Very cool looking about how many trains could you run at the same time.


----------



## JoeG (Feb 3, 2013)

Im not sure, maybe two or three. Id like to run DCC


----------



## wvgca (Jan 21, 2013)

with the long part at the back against the wall, access should be good, and that part looks shallow, easier to reach to do construction...


----------



## THE TYCO MAN (Aug 23, 2011)

I would also suggest access hatches over those tunnels! make sure track is free of flaws while ease of access is granted.


----------



## markgrecco (May 27, 2013)

Just an idea but what if you get rid of the tunnels on the outer loop and elevate that long back stretch to 4" above the table height. You have plenty of room to grade up and down on the left and right sides. I think that would make it better in the upper right section because right now you have 2 tracks running fairly close together at the same elevation but one in a tunnel and the other not.


----------



## JoeG (Feb 3, 2013)

Mark that outer loop that runs the back of the table is elevated to 3.5 inches you just cant see that in these drawings. It looks close in the drawing but its actually underneath it.


----------



## markgrecco (May 27, 2013)

JoeG said:


> Mark that outer loop that runs the back of the table is elevated to 3.5 inches you just cant see that in these drawings. It looks close in the drawing but its actually underneath it.

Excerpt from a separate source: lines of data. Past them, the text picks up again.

text \<open>(iota, Hext) is a ratio limit compactification: the whole type 'c is a compact
  Hausdorff space containing the embedded group as a discrete open dense subset, each
  H(x,.) extends continuously to Hext x, and boundary points are separated by the Hext x.\<close>
definition ratio_limit_compactification ::
  "('a, 'b) monoid_scheme \<Rightarrow> ('a \<Rightarrow> 'a \<Rightarrow> real) \<Rightarrow> ('a \<Rightarrow> 'c::t2_space) \<Rightarrow> ('a \<Rightarrow> 'c \<Rightarrow> real) \<Rightarrow> bool" where
  "ratio_limit_compactification G h iota Hext \<longleftrightarrow>
     compact (UNIV :: 'c set) \<and>
     inj_on iota (carrier G) \<and>
     (\<forall>g\<in>carrier G. open {iota g}) \<and>
     closure (iota ` carrier G) = UNIV \<and>
     (\<forall>x\<in>carrier G. continuous_on UNIV (Hext x) \<and>
        (\<forall>y\<in>carrier G. Hext x (iota y) = ratio_kernel G h x y)) \<and>
     (\<forall>a b. a \<notin> iota ` carrier G \<longrightarrow> b \<notin> iota ` carrier G \<longrightarrow> a \<noteq> b \<longrightarrow>
        (\<exists>x\<in>carrier G. Hext x a \<noteq> Hext x b))"

definition extends_left_action ::
  "('a, 'b) monoid_scheme \<Rightarrow> ('a \<Rightarrow> 'c::topological_space) \<Rightarrow> ('a \<Rightarrow> 'c \<Rightarrow> 'c) \<Rightarrow> bool" where
  "extends_left_action G iota act \<longleftrightarrow>
     (\<forall>g\<in>carrier G. continuous_on UNIV (act g) \<and>
        (\<forall>y\<in>carrier G. act g (iota y) = iota (g \<otimes>\<^bsub>G\<^esub> y)))"

end

theory Submission
  imports Defs
begin

text \<open>Since \<open>\<xi>\<close> is a limit of \<open>R_mu\<close>, continuity gives \<open>H(\<cdot>,\<xi>) = H(\<cdot>,\<one>)\<close>. For
  \<open>y \<in> R_mu\<close> the equation \<open>hP = \<rho> h\<close> writes \<open>H(\<cdot>,y) = H(\<cdot>,\<one>)\<close> as a convex combination of
  the \<open>H(\<cdot>,v)\<close> over the predecessors \<open>v\<close> of \<open>y\<close>, so minimality forces \<open>H(\<cdot>,v) = H(\<cdot>,\<one>)\<close>,
  i.e. \<open>v \<in> R_mu\<close>. By irreducibility \<open>R_mu\<close> is the whole group; then every \<open>H(x,\<cdot>)\<close> is
  constant on the compactification, the boundary points cannot be separated, and the boundary
  is the single point \<open>\<xi>\<close>, which the extended action must fix.\<close>

locale group_random_walk = group G for G (structure) +
  fixes mu :: "'a \<Rightarrow> real"
  assumes prob: "prob_on_group G mu"
begin

lemma rw_p_nonneg: "x \<in> carrier G \<Longrightarrow> y \<in> carrier G \<Longrightarrow> rw_p G mu x y \<ge> 0"
  using prob by (auto simp: prob_on_group_def rw_p_def)

lemma rw_pn_nonneg: "x \<in> carrier G \<Longrightarrow> y \<in> carrier G \<Longrightarrow> rw_pn G mu n x y \<ge> 0"
proof (induction n arbitrary: x)
  case (Suc n)
  then show ?case by (auto intro!: infsum_nonneg mult_nonneg_nonneg rw_p_nonneg)
qed simp

lemma rw_pn_Suc_pos_obtain_step:
  assumes "rw_pn G mu (Suc n) x y > 0" "x \<in> carrier G" "y \<in> carrier G"
  obtains w where "w \<in> carrier G" "rw_p G mu x w > 0" "rw_pn G mu n w y > 0"
proof -
  have "\<exists>w\<in>carrier G. rw_p G mu x w * rw_pn G mu n w y \<noteq> 0"
  proof (rule ccontr)
    assume "\<not> ?thesis"
    then have "rw_pn G mu (Suc n) x y = 0" by (simp add: infsum_0)
    with assms(1) show False by simp
  qed
  then obtain w where w: "w \<in> carrier G" "rw_p G mu x w * rw_pn G mu n w y \<noteq> 0" by blast
  have "rw_p G mu x w \<ge> 0" "rw_pn G mu n w y \<ge> 0"
    using w(1) assms(2,3) by (auto intro: rw_p_nonneg rw_pn_nonneg)
  with w show thesis by (intro that) (auto simp: less_le)
qed

lemma carrier_subset_if_closed_under_predecessors:
  assumes irred: "rw_irreducible G mu" and y: "y \<in> S"
    and pred: "\<And>w z. z \<in> S \<Longrightarrow> w \<in> carrier G \<Longrightarrow> rw_p G mu w z > 0 \<Longrightarrow> w \<in> S"
    and S: "S \<subseteq> carrier G"
  shows "carrier G \<subseteq> S"
proof
  fix x assume x: "x \<in> carrier G"
  have "x \<in> S" if "rw_pn G mu n x y > 0" "x \<in> carrier G" for n x
    using that
  proof (induction n arbitrary: x)
    case 0
    then show ?case using y by (simp split: if_splits)
  next
    case (Suc n)
    moreover have "y \<in> carrier G" using y S by blast
    ultimately obtain w where "w \<in> carrier G" "rw_p G mu x w > 0" "rw_pn G mu n w y > 0"
      by (blast elim: rw_pn_Suc_pos_obtain_step)
    with Suc.IH pred Suc.prems(2) show ?case by blast
  qed
  moreover obtain n where "rw_pn G mu n x y > 0"
    using irred x y S unfolding rw_irreducible_def by blast
  ultimately show "x \<in> S" using x by blast
qed

end

lemma rho_harmonic_lincomb:
  assumes "rho_harmonic G mu \<rho> f" "rho_harmonic G mu \<rho> g"
  shows "rho_harmonic G mu \<rho> (\<lambda>x. a * f x + b * g x)"
  unfolding rho_harmonic_def
proof
  fix x assume x: "x \<in> carrier G"
  have "((\<lambda>w. a * (rw_p G mu x w * f w) + b * (rw_p G mu x w * g w))
          has_sum (a * (\<rho> * f x) + b * (\<rho> * g x))) (carrier G)"
    using assms x unfolding rho_harmonic_def by (intro has_sum_add has_sum_cmult_right) auto
  then show "((\<lambda>w. rw_p G mu x w * (a * f w + b * g w)) has_sum (\<rho> * (a * f x + b * g x)))
      (carrier G)"
    by (simp add: algebra_simps)
qed

context group
begin

text \<open>Evaluating at \<open>\<one>\<close> shows that the weights sum to \<open>1\<close>; splitting off the \<open>w\<close>-term then
  decomposes \<open>F\<close> as in the definition of minimality.\<close>
lemma minimal_rho_harmonic_component_eq:
  fixes F :: "'a \<Rightarrow> real" and f :: "'a \<Rightarrow> 'a \<Rightarrow> real"
  assumes min: "minimal_rho_harmonic G mu \<rho> F"
    and repr: "\<And>x. x \<in> carrier G \<Longrightarrow> ((\<lambda>v. c v * f v x) has_sum F x) (carrier G)"
    and c_nonneg: "\<And>v. v \<in> carrier G \<Longrightarrow> c v \<ge> 0"
    and f_harm: "\<And>v. v \<in> carrier G \<Longrightarrow> pos_rho_harmonic G mu \<rho> (f v)"
    and f_one: "\<And>v. v \<in> carrier G \<Longrightarrow> f v \<one> = 1"
    and w: "w \<in> carrier G" and cw: "c w > 0"
  shows "\<forall>x\<in>carrier G. f w x = F x"
proof -
  have F_harm: "pos_rho_harmonic G mu \<rho> F" and F_one: "F \<one> = 1"
    and F_extreme: "\<not> (\<exists>f1 f2 t. pos_rho_harmonic G mu \<rho> f1 \<and> pos_rho_harmonic G mu \<rho> f2 \<and>
           f1 \<one> = 1 \<and> f2 \<one> = 1 \<and> (\<exists>x\<in>carrier G. f1 x \<noteq> f2 x) \<and>
           0 < t \<and> t < 1 \<and> (\<forall>x\<in>carrier G. F x = t * f1 x + (1 - t) * f2 x))"
    using min unfolding minimal_rho_harmonic_def by auto
  have f_pos: "f v x > 0" if "v \<in> carrier G" "x \<in> carrier G" for v x
    using f_harm that unfolding pos_rho_harmonic_def by blast
  have partial_le: "(\<Sum>v\<in>B. c v * f v x) \<le> F x"
    if "finite B" "B \<subseteq> carrier G" "x \<in> carrier G" for B x
    using that by (intro finite_sum_le_has_sum[OF repr]) (auto intro!: mult_nonneg_nonneg c_nonneg
        less_imp_le[OF f_pos])
  consider (single) "\<forall>v\<in>carrier G - {w}. c v = 0"
    | (other) v0 where "v0 \<in> carrier G" "v0 \<noteq> w" "c v0 > 0"
    using c_nonneg by (force simp: less_le)
  then show ?thesis
  proof cases
    case single
    have F_eq: "F x = c w * f w x" if x: "x \<in> carrier G" for x
    proof (rule has_sum_unique[OF repr[OF x]])
      show "((\<lambda>v. c v * f v x) has_sum (c w * f w x)) (carrier G)"
        using w single by (intro has_sum_finite_neutralI[of "{w}"]) auto
    qed
    then have "c w = 1" using F_one f_one[OF w] by simp
    with F_eq show ?thesis by simp
  next
    case other
    have two_terms: "c w * f w x + c v0 * f v0 x \<le> F x" if "x \<in> carrier G" for x
      using partial_le[of "{w, v0}" x] other w that by simp
    have "c w + c v0 \<le> 1" using two_terms[of \<one>] F_one f_one w other by simp
    with other have cw1: "c w < 1" by simp
    have cw1': "1 - c w \<noteq> 0" using cw1 by simp
    define f2 where "f2 x = (F x - c w * f w x) / (1 - c w)" for x
    have F_decomp: "F x = c w * f w x + (1 - c w) * f2 x" for x
      using cw1' by (simp add: f2_def)
    have f2_lincomb: "f2 = (\<lambda>x. 1 / (1 - c w) * F x + - (c w / (1 - c w)) * f w x)"
      by (auto simp: f2_def diff_divide_distrib)
    have f2_harm: "pos_rho_harmonic G mu \<rho> f2"
      unfolding pos_rho_harmonic_def
    proof
      show "\<forall>x\<in>carrier G. f2 x > 0"
      proof
        fix x assume x: "x \<in> carrier G"
        have "(1 - c w) * f2 x \<ge> c v0 * f v0 x" using two_terms[OF x] F_decomp[of x] by simp
        moreover have "c v0 * f v0 x > 0" using other f_pos x by simp
        ultimately have "(1 - c w) * f2 x > 0" by linarith
        then show "f2 x > 0" using cw1 by (simp add: zero_less_mult_iff)
      qed
      show "rho_harmonic G mu \<rho> f2"
        unfolding f2_lincomb using F_harm f_harm[OF w]
        by (intro rho_harmonic_lincomb) (auto simp: pos_rho_harmonic_def)
    qed
    have "f2 \<one> = 1" using F_one f_one[OF w] cw1' by (simp add: f2_def)
    then have "\<forall>x\<in>carrier G. f w x = f2 x"
      using F_extreme f_harm[OF w] f2_harm f_one[OF w] F_decomp cw cw1 by blast
    then show ?thesis
      using F_decomp by (metis add_diff_cancel_left' diff_add_cancel distrib_right mult_1)
  qed
qed

end

locale ratio_limit_kernel = group_random_walk +
  fixes h :: "'a \<Rightarrow> 'a \<Rightarrow> real" and \<rho> :: real
  assumes h_pos: "\<And>x y. x \<in> carrier G \<Longrightarrow> y \<in> carrier G \<Longrightarrow> h x y > 0"
    and Ph: "\<And>x y. x \<in> carrier G \<Longrightarrow> y \<in> carrier G \<Longrightarrow>
      ((\<lambda>w. rw_p G mu x w * h w y) has_sum (\<rho> * h x y)) (carrier G)"
    and hP: "\<And>x y. x \<in> carrier G \<Longrightarrow> y \<in> carrier G \<Longrightarrow>
      ((\<lambda>w. h x w * rw_p G mu w y) has_sum (\<rho> * h x y)) (carrier G)"
begin

abbreviation H :: "'a \<Rightarrow> 'a \<Rightarrow> real" where
  "H \<equiv> ratio_kernel G h"

lemma ratio_kernel_pos: "x \<in> carrier G \<Longrightarrow> y \<in> carrier G \<Longrightarrow> H x y > 0"
  by (simp add: ratio_kernel_def h_pos)

lemma ratio_kernel_one_left: "y \<in> carrier G \<Longrightarrow> H \<one> y = 1"
  using h_pos[of \<one> y] by (simp add: ratio_kernel_def)

lemma ratio_kernel_pos_rho_harmonic:
  assumes y: "y \<in> carrier G"
  shows "pos_rho_harmonic G mu \<rho> (\<lambda>x. H x y)"
  unfolding pos_rho_harmonic_def rho_harmonic_def
proof (intro conjI ballI)
  fix x assume x: "x \<in> carrier G"
  show "H x y > 0" using x y by (rule ratio_kernel_pos)
  show "((\<lambda>w. rw_p G mu x w * H w y) has_sum (\<rho> * H x y)) (carrier G)"
    using has_sum_cmult_right[OF Ph[OF x y], of "1 / h \<one> y"]
    by (simp add: ratio_kernel_def)
qed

Ah ok, that makes sense. I guess my idea wasn't too bad then 


Sent from my iPhone using Tapatalk


----------



## sstlaure (Oct 12, 2010)

What's your minimum radius and what kind of rolling stock are you looking to run? With that much room I'd go min 24" radius which would allow you to run just about anything.


----------



## JoeG (Feb 3, 2013)

My minimum radius is 18" on the inside and 22" on the outside. I didn't put 24" in because the 22" radius was so close to the edge of the layout. But I'm guessing you are saying I should make the bench work slightly bigger so i could accommodate the 24"?


----------



## DonR (Oct 18, 2012)

Joe

Nice layout space. You've got room for whatever you 
want to build.

A few suggestions:

Since you most likely will be going DCC, I would urge you
to install more and longer passing sidings. That way you
can run trains in opposite directions on your single track
mains...something very difficult to do with DC only but
no problem with DCC and it makes for lots of operating fun.

You have a really nice big yard. But it needs a track where
you can build your trains, perhaps parallel to the ladder track.

You'll also want several industry sidings to spot the cars your
switcher pulled from that big train that just came in.

Don


----------



## sstlaure (Oct 12, 2010)

It would be a shame to build a layout that large and be limited in what you can run (which WILL happen with an 18" min radius).

Think about widening the areas where you need the width and narrowing the benchwork where you don't (don't think in straight lines but rather curved edges to the benchwork)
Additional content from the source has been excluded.